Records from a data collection
= = = = =
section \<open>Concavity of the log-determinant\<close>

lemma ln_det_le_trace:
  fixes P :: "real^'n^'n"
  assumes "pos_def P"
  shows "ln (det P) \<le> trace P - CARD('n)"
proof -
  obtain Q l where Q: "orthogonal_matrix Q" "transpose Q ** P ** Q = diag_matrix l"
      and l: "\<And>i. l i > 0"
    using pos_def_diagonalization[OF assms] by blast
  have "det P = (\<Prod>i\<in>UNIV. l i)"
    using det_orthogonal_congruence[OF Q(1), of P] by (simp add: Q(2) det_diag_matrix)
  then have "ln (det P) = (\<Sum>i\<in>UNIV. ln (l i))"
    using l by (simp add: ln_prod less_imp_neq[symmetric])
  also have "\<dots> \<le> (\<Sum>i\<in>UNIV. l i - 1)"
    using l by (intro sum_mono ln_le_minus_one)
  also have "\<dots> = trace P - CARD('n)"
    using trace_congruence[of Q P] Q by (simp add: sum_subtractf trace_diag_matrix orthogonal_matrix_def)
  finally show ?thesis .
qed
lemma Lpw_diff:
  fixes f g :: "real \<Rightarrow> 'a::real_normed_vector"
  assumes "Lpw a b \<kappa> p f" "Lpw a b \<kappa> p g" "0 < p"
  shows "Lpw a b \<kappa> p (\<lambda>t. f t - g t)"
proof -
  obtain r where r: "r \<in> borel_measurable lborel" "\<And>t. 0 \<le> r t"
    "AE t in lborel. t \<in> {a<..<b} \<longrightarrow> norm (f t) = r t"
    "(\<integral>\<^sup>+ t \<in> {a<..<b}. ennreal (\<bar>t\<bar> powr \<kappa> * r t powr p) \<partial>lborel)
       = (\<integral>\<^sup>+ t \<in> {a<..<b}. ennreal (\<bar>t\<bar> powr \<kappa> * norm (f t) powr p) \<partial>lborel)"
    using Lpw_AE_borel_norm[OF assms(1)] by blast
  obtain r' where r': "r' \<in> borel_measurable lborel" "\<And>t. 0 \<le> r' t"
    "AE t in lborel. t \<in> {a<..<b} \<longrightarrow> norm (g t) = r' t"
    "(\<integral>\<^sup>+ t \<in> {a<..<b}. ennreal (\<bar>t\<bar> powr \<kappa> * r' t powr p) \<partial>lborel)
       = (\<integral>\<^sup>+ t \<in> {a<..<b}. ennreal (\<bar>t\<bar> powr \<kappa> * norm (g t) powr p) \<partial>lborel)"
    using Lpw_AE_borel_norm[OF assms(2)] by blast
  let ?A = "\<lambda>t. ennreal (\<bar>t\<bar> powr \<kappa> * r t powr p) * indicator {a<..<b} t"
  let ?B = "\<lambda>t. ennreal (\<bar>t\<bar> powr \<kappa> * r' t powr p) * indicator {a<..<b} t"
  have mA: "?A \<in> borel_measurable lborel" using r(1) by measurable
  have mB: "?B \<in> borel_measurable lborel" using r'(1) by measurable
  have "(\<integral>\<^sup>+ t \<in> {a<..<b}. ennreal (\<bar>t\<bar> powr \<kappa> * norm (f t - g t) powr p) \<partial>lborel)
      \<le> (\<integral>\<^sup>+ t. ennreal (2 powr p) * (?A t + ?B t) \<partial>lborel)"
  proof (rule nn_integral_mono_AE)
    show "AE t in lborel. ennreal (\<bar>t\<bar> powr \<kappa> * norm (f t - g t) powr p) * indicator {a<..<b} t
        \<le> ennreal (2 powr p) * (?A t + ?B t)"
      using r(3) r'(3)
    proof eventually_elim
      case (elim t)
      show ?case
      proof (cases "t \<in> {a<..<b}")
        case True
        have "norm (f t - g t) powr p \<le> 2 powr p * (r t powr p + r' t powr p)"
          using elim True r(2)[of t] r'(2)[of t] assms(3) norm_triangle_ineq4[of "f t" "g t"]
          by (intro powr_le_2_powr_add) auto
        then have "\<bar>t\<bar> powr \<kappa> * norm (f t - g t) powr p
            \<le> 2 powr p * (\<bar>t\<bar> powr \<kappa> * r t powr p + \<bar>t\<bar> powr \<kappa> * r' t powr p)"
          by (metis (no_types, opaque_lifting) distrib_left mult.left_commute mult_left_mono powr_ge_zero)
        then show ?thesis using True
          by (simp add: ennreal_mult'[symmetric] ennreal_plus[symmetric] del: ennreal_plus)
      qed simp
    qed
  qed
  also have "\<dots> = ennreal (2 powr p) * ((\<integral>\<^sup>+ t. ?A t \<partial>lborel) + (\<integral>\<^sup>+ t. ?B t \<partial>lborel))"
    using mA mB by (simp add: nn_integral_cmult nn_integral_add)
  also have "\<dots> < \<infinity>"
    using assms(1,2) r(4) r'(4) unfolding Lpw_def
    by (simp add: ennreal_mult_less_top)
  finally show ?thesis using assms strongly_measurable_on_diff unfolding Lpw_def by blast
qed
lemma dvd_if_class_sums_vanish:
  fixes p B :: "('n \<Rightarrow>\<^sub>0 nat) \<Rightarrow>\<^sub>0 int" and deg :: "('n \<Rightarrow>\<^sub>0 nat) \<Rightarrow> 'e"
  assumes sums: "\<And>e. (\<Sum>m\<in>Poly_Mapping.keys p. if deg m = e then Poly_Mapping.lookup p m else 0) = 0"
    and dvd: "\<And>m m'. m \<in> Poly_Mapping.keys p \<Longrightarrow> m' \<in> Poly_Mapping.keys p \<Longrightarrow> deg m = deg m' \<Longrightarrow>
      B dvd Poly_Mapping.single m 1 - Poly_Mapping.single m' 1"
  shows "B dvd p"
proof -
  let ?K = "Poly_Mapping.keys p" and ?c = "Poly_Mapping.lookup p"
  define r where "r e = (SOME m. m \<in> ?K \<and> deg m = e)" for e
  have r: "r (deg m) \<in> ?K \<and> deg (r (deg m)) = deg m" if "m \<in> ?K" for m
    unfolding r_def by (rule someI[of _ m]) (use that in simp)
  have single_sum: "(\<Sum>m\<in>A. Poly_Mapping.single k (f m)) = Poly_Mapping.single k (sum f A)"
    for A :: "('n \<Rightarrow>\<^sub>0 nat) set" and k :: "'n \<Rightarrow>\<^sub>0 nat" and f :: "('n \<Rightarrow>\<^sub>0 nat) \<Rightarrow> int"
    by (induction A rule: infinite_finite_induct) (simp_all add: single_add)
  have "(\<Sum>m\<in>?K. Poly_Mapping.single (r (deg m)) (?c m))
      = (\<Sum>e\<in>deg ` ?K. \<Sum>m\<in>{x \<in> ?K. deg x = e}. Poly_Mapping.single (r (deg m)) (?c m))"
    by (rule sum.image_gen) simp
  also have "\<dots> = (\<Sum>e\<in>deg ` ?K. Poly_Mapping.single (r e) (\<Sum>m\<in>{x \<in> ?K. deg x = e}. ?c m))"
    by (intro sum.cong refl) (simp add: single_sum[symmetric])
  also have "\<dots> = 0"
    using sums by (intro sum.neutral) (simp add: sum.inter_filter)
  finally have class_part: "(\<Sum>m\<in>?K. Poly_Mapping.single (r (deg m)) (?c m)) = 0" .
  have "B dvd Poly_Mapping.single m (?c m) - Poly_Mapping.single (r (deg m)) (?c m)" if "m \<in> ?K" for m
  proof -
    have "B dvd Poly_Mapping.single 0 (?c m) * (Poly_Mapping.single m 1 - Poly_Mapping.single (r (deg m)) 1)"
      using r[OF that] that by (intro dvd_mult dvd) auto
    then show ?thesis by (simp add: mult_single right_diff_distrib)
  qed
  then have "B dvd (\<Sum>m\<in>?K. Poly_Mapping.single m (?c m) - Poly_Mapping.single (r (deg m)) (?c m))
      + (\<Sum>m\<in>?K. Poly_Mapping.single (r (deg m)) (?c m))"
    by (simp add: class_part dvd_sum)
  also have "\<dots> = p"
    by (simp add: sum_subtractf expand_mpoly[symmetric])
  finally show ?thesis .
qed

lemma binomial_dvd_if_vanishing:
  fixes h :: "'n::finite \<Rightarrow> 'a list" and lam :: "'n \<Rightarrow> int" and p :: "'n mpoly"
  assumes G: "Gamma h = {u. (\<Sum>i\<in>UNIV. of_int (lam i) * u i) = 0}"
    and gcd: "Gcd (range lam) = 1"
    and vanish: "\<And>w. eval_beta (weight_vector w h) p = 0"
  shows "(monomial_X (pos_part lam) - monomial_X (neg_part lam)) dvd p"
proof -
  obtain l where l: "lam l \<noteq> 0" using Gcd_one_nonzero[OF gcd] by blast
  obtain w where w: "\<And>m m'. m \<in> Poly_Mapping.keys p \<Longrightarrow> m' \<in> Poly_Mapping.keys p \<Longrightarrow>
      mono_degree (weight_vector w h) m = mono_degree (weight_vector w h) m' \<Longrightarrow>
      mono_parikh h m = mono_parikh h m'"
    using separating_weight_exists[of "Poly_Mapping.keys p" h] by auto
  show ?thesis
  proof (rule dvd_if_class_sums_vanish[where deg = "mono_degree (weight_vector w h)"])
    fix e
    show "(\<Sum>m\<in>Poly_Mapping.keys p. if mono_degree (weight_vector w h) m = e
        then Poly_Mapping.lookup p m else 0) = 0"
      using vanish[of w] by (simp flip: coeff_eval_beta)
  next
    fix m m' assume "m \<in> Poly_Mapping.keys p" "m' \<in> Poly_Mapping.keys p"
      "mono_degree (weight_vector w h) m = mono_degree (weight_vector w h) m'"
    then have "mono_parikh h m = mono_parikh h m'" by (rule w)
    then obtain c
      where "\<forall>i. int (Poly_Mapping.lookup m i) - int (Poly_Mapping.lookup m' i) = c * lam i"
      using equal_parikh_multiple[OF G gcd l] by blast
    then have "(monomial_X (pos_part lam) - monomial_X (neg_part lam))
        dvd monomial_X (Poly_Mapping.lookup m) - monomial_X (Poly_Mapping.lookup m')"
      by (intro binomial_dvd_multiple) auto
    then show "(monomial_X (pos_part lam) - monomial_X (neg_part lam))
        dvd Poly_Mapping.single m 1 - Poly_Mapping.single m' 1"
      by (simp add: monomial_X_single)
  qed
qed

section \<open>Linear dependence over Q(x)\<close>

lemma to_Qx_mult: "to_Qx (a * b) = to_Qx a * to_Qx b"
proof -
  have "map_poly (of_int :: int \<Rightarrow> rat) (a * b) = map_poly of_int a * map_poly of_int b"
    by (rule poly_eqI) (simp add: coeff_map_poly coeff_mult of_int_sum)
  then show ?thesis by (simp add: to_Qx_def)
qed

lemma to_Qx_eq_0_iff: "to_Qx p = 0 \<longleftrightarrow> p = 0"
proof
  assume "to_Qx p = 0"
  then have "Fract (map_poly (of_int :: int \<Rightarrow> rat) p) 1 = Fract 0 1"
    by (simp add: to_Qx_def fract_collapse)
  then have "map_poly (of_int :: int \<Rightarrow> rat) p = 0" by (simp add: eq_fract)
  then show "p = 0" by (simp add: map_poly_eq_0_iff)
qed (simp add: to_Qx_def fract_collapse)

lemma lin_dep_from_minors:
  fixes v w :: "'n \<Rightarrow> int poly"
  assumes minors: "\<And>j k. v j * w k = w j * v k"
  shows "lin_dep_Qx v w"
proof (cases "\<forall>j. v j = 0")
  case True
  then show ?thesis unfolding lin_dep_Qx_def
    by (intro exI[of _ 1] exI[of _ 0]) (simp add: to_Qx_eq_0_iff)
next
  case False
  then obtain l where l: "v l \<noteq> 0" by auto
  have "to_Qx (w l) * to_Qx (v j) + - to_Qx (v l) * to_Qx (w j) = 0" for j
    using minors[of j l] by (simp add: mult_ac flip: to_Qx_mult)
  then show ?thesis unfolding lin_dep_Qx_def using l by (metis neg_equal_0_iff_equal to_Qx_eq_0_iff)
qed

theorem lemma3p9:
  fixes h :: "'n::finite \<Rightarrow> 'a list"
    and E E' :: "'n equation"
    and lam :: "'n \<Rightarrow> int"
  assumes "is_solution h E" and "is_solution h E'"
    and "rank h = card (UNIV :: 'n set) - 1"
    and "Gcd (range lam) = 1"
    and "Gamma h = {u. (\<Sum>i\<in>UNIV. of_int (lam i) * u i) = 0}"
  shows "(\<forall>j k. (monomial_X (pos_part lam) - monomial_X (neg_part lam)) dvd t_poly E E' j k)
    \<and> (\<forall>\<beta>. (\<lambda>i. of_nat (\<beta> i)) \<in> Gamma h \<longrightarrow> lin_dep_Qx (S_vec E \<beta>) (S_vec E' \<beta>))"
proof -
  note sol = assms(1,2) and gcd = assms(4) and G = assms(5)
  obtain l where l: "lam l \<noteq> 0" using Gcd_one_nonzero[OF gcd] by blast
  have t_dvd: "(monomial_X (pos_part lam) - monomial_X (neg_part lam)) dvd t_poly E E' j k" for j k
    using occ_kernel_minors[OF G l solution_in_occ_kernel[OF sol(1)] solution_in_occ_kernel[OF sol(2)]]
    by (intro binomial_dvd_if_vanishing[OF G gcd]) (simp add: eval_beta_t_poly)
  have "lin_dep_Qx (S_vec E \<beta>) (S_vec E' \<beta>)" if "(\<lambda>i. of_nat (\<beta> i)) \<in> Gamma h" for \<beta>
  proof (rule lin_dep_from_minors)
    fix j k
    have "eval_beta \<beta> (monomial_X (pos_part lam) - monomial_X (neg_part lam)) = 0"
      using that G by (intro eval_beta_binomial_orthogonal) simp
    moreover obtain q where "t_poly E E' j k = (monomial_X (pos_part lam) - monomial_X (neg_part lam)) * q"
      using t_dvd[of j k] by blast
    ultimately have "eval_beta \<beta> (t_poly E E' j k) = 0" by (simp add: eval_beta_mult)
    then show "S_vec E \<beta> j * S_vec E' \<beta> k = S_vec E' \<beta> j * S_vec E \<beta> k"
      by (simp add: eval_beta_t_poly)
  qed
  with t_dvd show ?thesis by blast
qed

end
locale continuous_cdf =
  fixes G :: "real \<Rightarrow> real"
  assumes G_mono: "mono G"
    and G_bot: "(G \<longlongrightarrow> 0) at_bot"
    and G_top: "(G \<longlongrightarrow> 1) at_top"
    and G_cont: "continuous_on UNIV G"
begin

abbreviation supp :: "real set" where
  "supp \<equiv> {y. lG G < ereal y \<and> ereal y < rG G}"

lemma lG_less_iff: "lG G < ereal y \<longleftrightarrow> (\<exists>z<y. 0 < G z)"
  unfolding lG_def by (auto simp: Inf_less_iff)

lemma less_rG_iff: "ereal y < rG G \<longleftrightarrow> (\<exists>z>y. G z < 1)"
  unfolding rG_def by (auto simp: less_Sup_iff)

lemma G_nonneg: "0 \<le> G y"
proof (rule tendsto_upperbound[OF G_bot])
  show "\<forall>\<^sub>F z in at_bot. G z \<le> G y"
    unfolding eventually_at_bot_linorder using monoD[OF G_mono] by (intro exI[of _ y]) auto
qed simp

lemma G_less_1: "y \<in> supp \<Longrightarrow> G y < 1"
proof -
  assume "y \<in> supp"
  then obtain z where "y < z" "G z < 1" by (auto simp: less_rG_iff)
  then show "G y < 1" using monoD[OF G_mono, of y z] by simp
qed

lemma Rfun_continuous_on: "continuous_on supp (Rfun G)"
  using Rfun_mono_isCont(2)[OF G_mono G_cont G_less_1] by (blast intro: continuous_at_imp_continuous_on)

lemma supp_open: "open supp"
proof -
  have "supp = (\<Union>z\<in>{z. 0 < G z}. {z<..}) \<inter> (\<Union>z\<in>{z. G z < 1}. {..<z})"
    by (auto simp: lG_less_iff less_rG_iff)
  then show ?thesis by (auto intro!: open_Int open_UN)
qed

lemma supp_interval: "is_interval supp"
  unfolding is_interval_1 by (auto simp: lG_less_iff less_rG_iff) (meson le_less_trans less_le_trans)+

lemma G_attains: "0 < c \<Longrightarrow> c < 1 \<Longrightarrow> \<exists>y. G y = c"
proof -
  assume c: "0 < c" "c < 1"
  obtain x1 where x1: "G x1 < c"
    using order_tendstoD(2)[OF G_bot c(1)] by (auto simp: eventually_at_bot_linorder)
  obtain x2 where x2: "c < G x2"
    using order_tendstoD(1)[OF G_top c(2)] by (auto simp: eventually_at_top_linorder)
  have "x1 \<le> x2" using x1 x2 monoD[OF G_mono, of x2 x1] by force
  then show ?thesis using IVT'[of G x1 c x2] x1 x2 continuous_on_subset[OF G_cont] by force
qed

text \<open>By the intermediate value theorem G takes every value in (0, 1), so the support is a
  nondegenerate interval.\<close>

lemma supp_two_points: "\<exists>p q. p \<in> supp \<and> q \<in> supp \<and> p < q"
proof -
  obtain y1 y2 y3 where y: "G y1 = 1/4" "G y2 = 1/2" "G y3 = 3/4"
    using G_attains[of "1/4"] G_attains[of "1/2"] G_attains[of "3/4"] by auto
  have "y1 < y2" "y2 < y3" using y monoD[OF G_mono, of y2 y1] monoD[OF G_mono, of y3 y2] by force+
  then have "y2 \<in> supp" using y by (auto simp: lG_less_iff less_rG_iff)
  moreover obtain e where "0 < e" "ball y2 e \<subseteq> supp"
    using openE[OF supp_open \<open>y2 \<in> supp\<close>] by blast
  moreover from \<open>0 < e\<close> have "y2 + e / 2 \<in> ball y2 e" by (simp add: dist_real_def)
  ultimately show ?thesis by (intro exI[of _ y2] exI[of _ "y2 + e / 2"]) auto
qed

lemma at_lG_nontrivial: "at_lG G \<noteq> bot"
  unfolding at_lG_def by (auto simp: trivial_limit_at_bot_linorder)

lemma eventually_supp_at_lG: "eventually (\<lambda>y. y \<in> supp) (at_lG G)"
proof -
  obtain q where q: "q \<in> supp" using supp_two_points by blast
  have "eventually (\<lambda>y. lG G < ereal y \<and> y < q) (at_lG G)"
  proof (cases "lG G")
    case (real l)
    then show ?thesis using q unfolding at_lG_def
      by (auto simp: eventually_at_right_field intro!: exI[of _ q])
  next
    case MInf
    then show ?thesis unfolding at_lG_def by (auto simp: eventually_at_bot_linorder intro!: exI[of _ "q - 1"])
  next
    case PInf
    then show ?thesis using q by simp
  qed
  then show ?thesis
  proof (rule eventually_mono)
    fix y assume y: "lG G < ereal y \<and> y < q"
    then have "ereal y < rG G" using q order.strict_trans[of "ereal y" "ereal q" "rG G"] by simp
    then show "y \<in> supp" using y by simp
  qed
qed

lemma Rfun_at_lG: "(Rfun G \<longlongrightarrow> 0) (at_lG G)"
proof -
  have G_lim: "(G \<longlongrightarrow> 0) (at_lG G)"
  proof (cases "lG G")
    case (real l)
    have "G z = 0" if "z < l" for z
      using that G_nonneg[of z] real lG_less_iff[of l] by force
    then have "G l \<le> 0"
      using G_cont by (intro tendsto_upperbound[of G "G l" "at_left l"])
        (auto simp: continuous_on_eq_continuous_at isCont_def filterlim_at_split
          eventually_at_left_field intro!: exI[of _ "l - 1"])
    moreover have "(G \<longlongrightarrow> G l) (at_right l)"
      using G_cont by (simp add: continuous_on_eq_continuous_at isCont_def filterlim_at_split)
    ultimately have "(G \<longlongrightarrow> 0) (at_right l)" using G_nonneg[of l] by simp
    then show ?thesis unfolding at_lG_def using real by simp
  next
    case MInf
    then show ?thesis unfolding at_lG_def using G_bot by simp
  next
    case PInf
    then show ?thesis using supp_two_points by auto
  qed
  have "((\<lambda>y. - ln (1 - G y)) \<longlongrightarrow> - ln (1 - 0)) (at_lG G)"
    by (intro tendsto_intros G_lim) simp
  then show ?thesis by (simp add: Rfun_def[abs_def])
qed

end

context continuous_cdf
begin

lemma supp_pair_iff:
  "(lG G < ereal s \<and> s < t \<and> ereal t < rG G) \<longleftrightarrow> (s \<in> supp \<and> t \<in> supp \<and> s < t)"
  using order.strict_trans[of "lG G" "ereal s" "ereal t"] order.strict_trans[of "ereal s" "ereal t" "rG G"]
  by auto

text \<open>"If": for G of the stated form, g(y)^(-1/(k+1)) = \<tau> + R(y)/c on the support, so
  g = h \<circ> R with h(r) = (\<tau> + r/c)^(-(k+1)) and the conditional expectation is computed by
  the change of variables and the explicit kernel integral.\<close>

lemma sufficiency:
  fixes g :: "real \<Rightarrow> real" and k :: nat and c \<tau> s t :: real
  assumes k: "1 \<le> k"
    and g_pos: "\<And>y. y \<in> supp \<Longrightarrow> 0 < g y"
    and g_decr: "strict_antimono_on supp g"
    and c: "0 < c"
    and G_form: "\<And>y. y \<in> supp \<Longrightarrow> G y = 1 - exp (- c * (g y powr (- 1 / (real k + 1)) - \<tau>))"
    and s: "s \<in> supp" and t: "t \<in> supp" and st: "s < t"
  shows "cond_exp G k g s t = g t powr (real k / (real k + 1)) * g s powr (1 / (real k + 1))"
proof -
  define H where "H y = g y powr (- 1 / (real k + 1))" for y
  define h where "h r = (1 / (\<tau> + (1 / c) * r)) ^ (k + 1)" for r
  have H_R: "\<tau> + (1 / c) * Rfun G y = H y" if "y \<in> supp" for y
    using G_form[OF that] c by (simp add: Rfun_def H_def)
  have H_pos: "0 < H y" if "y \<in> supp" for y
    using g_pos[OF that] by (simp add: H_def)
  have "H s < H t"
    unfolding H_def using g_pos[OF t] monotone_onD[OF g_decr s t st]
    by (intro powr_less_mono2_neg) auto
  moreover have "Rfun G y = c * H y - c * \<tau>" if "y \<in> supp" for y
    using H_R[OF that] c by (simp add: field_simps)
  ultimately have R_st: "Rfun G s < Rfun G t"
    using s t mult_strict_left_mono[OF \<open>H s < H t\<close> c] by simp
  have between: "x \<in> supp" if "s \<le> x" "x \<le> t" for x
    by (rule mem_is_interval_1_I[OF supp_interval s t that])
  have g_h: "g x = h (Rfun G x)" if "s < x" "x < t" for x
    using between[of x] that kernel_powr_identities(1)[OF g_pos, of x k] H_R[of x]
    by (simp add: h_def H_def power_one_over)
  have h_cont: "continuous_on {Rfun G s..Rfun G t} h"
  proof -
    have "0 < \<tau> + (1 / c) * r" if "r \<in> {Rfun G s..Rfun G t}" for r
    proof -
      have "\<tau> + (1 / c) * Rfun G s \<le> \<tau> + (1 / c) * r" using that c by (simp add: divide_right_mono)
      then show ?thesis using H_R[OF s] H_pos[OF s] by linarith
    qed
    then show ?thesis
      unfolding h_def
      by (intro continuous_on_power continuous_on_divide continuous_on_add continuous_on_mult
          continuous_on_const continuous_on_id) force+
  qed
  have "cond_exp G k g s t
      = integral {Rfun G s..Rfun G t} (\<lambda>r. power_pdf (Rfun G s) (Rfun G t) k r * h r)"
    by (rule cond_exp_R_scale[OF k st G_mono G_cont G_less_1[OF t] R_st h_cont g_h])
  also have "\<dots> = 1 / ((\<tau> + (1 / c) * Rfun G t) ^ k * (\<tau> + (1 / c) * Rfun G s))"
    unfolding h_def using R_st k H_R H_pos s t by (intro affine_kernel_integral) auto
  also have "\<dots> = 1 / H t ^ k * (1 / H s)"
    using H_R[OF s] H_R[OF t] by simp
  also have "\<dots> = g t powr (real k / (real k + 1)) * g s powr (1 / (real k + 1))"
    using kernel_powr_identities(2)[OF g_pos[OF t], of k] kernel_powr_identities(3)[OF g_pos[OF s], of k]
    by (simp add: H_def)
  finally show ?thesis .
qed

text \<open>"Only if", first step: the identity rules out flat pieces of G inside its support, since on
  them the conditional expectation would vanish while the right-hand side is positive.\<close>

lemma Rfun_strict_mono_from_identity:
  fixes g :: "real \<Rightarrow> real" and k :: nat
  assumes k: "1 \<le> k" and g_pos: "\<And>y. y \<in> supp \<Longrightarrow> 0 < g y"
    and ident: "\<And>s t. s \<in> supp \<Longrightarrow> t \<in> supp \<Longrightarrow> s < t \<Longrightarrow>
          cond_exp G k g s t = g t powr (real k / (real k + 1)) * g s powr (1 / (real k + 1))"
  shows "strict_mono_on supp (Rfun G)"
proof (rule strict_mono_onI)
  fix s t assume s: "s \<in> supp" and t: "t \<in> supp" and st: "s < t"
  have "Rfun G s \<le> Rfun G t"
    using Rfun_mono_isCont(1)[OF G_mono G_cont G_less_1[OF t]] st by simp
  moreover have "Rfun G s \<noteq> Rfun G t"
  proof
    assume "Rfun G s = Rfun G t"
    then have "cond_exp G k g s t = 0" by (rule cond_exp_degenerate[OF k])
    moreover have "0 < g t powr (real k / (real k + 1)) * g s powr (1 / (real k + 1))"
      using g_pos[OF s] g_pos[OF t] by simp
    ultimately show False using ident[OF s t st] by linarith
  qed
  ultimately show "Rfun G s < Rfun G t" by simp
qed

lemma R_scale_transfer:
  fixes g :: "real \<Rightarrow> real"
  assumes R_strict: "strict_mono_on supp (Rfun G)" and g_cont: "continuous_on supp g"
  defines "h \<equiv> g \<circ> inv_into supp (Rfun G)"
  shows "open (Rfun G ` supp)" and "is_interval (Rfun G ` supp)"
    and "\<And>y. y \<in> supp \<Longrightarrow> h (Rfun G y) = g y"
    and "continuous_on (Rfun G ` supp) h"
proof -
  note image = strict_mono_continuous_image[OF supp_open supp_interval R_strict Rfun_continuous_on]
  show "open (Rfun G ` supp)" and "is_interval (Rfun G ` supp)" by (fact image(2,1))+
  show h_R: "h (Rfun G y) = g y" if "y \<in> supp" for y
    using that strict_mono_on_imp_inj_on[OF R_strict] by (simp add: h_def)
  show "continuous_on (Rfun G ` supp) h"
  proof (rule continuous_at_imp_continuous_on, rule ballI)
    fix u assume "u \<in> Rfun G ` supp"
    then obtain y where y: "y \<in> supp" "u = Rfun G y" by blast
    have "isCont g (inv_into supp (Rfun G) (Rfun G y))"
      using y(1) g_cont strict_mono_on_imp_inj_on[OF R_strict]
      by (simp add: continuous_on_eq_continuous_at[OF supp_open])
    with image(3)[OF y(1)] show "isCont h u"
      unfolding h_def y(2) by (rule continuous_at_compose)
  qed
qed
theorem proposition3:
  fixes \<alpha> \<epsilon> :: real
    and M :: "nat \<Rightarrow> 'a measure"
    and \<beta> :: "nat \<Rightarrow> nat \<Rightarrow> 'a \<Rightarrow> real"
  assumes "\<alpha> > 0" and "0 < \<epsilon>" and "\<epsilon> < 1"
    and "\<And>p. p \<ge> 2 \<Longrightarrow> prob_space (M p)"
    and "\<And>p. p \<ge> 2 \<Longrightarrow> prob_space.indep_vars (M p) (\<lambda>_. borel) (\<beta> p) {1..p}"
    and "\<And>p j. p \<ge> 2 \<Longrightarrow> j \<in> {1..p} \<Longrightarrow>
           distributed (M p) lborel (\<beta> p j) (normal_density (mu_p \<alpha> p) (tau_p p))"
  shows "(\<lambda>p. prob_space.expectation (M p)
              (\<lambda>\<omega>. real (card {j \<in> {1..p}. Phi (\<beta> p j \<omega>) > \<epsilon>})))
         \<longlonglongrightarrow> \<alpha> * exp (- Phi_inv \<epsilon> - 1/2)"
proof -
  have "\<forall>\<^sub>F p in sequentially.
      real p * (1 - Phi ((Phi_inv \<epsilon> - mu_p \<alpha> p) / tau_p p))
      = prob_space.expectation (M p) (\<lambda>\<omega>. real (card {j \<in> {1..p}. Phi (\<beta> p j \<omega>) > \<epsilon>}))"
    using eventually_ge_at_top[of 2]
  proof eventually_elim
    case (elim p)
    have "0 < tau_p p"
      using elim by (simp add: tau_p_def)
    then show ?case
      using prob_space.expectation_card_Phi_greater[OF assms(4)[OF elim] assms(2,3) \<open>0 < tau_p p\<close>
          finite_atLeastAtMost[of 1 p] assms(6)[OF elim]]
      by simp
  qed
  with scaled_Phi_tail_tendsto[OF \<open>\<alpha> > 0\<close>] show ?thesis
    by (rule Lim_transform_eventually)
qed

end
= = = = =
#### Exercise description:
Scan the entries and show every line in which the word "force" is found.

#### Solution to the problem:
  have "x1 \<le> x2" using x1 x2 monoD[OF G_mono, of x2 x1] by force
  then show ?thesis using IVT'[of G x1 c x2] x1 x2 continuous_on_subset[OF G_cont] by force
  have "y1 < y2" "y2 < y3" using y monoD[OF G_mono, of y2 y1] monoD[OF G_mono, of y3 y2] by force+
      using that G_nonneg[of z] real lG_less_iff[of l] by force
          continuous_on_const continuous_on_id) force+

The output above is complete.